### The problem
Go over the lines below, and when one contains the word "thesis", copy it.

### Working data
(* Let $G$ be a cop-win graph and let $v$ be a vertex of corner rank $k>1$. Then for every vertex $w$ that strictly corners $v$ in $G^{(k)}$, $v$ has a neighbor of corner rank $k-1$ that is not adjacent to $w$.
   Context: All graphs are finite, nonempty, and reflexive (every vertex has a loop). $N[v]$ is the closed neighborhood of $v$ (including $v$). For distinct $v,w$, $w$ strictly corners $v$ in a graph $H$ if $N_H[v]\subsetneq N_H[w]$; $v$ is then a strict corner of $H$. Corner ranking: set $G^{(1)}=G$, $k=1$. If $G^{(k)}$ is a clique, give all its vertices rank $k$ and stop. Else if $G^{(k)}$ has no strict corners, give all its vertices rank $\infty$ and stop. Else give every strict corner of $G^{(k)}$ rank $k$, delete them to get $G^{(k+1)}$ (induced subgraph), increase $k$ and repeat. A graph is cop-win iff its corner rank (largest rank of a vertex) is finite. Standing assumption: $G$ has finite corner rank at least 2. *)

theory Defs
  imports Main
begin

definition reflexive_graph :: "'a set \<Rightarrow> ('a \<Rightarrow> 'a \<Rightarrow> bool) \<Rightarrow> bool" where
  "reflexive_graph V E \<longleftrightarrow> finite V \<and> V \<noteq> {} \<and>
     (\<forall>u\<in>V. E u u) \<and> (\<forall>u\<in>V. \<forall>v\<in>V. E u v \<longrightarrow> E v u)"

definition nbhd :: "('a \<Rightarrow> 'a \<Rightarrow> bool) \<Rightarrow> 'a set \<Rightarrow> 'a \<Rightarrow> 'a set" where
  "nbhd E S v = {u\<in>S. E v u}"

definition strictly_corners :: "('a \<Rightarrow> 'a \<Rightarrow> bool) \<Rightarrow> 'a set \<Rightarrow> 'a \<Rightarrow> 'a \<Rightarrow> bool" where
  "strictly_corners E S w v \<longleftrightarrow> v \<in> S \<and> w \<in> S \<and> w \<noteq> v \<and> nbhd E S v \<subset> nbhd E S w"

definition strict_corners :: "('a \<Rightarrow> 'a \<Rightarrow> bool) \<Rightarrow> 'a set \<Rightarrow> 'a set" where
  "strict_corners E S = {v\<in>S. \<exists>w. strictly_corners E S w v}"

definition is_clique :: "('a \<Rightarrow> 'a \<Rightarrow> bool) \<Rightarrow> 'a set \<Rightarrow> bool" where
  "is_clique E S \<longleftrightarrow> (\<forall>u\<in>S. \<forall>v\<in>S. E u v)"

text \<open>The vertex set of G^(k) (1-indexed; index 0 is a dummy equal to V):
  G^(1) = G, G^(k+1) = G^(k) minus its strict corners.\<close>
fun stage :: "'a set \<Rightarrow> ('a \<Rightarrow> 'a \<Rightarrow> bool) \<Rightarrow> nat \<Rightarrow> 'a set" where
  "stage V E 0 = V"
| "stage V E (Suc 0) = V"
| "stage V E (Suc (Suc k)) = stage V E (Suc k) - strict_corners E (stage V E (Suc k))"

text \<open>v receives (finite) corner rank k: the procedure has not stopped before step k,
  v is still present in G^(k), and either G^(k) is a clique or v is a strict corner of G^(k).\<close>
definition has_corner_rank :: "'a set \<Rightarrow> ('a \<Rightarrow> 'a \<Rightarrow> bool) \<Rightarrow> 'a \<Rightarrow> nat \<Rightarrow> bool" where
  "has_corner_rank V E v k \<longleftrightarrow> 1 \<le> k \<and> v \<in> stage V E k \<and>
     (\<forall>j. 1 \<le> j \<and> j < k \<longrightarrow> \<not> is_clique E (stage V E j) \<and> strict_corners E (stage V E j) \<noteq> {}) \<and>
     (is_clique E (stage V E k) \<or> v \<in> strict_corners E (stage V E k))"

text \<open>Cop-win = finite corner rank: every vertex receives a finite rank.\<close>
definition cop_win :: "'a set \<Rightarrow> ('a \<Rightarrow> 'a \<Rightarrow> bool) \<Rightarrow> bool" where
  "cop_win V E \<longleftrightarrow> (\<forall>v\<in>V. \<exists>k. has_corner_rank V E v k)"

end

theory Submission
  imports Defs
begin

text \<open>Let S be the vertex set of G^(k-1). Since v survives into G^(k), it is not a strict
  corner of S, so N_S[v] \<subseteq> N_S[w] fails: equality would persist in G^(k), and strict
  inclusion would make v a strict corner of S. A witness u \<in> N_S[v] - N_S[w] cannot survive
  into G^(k), where N[v] \<subset> N[w]; hence u is a strict corner of S, i.e. has rank k - 1.\<close>

lemma stage_subset: "stage V E n \<subseteq> V"
  by (induction V E n rule: stage.induct) auto

lemma stage_Suc:
  assumes "1 \<le> k"
  shows "stage V E (Suc k) = stage V E k - strict_corners E (stage V E k)"
  using assms by (cases k) auto

lemma nbhd_Diff: "nbhd E (S - T) v = nbhd E S v - T"
  unfolding nbhd_def by blast

lemma strict_corner_witness:
  assumes v_not_corner: "v \<in> S" "v \<notin> strict_corners E S"
    and corners: "strictly_corners E (S - strict_corners E S) w v"
  shows "\<exists>u\<in>strict_corners E S. E v u \<and> \<not> E w u"
proof -
  let ?C = "strict_corners E S"
  have w: "w \<in> S" "w \<noteq> v" and strict: "nbhd E S v - ?C \<subset> nbhd E S w - ?C"
    using corners by (auto simp: strictly_corners_def nbhd_Diff)
  have "\<not> nbhd E S v \<subseteq> nbhd E S w"
  proof
    assume sub: "nbhd E S v \<subseteq> nbhd E S w"
    show False
    proof (cases "nbhd E S v = nbhd E S w")
      case True
      with strict show False by simp
    next
      case False
      with sub w v_not_corner show False
        by (auto simp: strict_corners_def strictly_corners_def)
    qed
  qed
  then obtain u where u: "u \<in> nbhd E S v" "u \<notin> nbhd E S w"
    by blast
  with strict have "u \<in> ?C"
    by blast
  with u show ?thesis
    using w(1) by (auto simp: nbhd_def)
qed

lemma has_corner_rank_prev:
  assumes "has_corner_rank V E v (Suc j)" "1 \<le> j" "u \<in> strict_corners E (stage V E j)"
  shows "has_corner_rank V E u j"
  using assms unfolding has_corner_rank_def strict_corners_def by auto

theorem lemma3p16:
  fixes V :: "'a set" and E :: "'a \<Rightarrow> 'a \<Rightarrow> bool" and v w :: 'a and k :: nat
  assumes "reflexive_graph V E"
    and "cop_win V E"
    and "v \<in> V"
    and "has_corner_rank V E v k"
    and "k > 1"
    and "strictly_corners E (stage V E k) w v"
  shows "\<exists>u\<in>V. E v u \<and> has_corner_rank V E u (k - 1) \<and> \<not> E w u"
proof -
  define j where "j = k - 1"
  have k: "k = Suc j" "1 \<le> j"
    using assms(5) by (auto simp: j_def)
  let ?S = "stage V E j"
  have stage_k: "stage V E k = ?S - strict_corners E ?S"
    using k by (simp add: stage_Suc)
  with assms(6) have "v \<in> ?S" "v \<notin> strict_corners E ?S"
    by (auto simp: strictly_corners_def)
  with assms(6) stage_k obtain u where u: "u \<in> strict_corners E ?S" "E v u" "\<not> E w u"
    using strict_corner_witness by metis
  have "has_corner_rank V E u j"
    using has_corner_rank_prev assms(4) k u(1) by metis
  moreover have "u \<in> V"
    using u(1) stage_subset[of V E j] by (auto simp: strict_corners_def)
  ultimately show ?thesis
    using u j_def by blast
qed

end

### Result below
  with u show ?thesis
  ultimately show ?thesis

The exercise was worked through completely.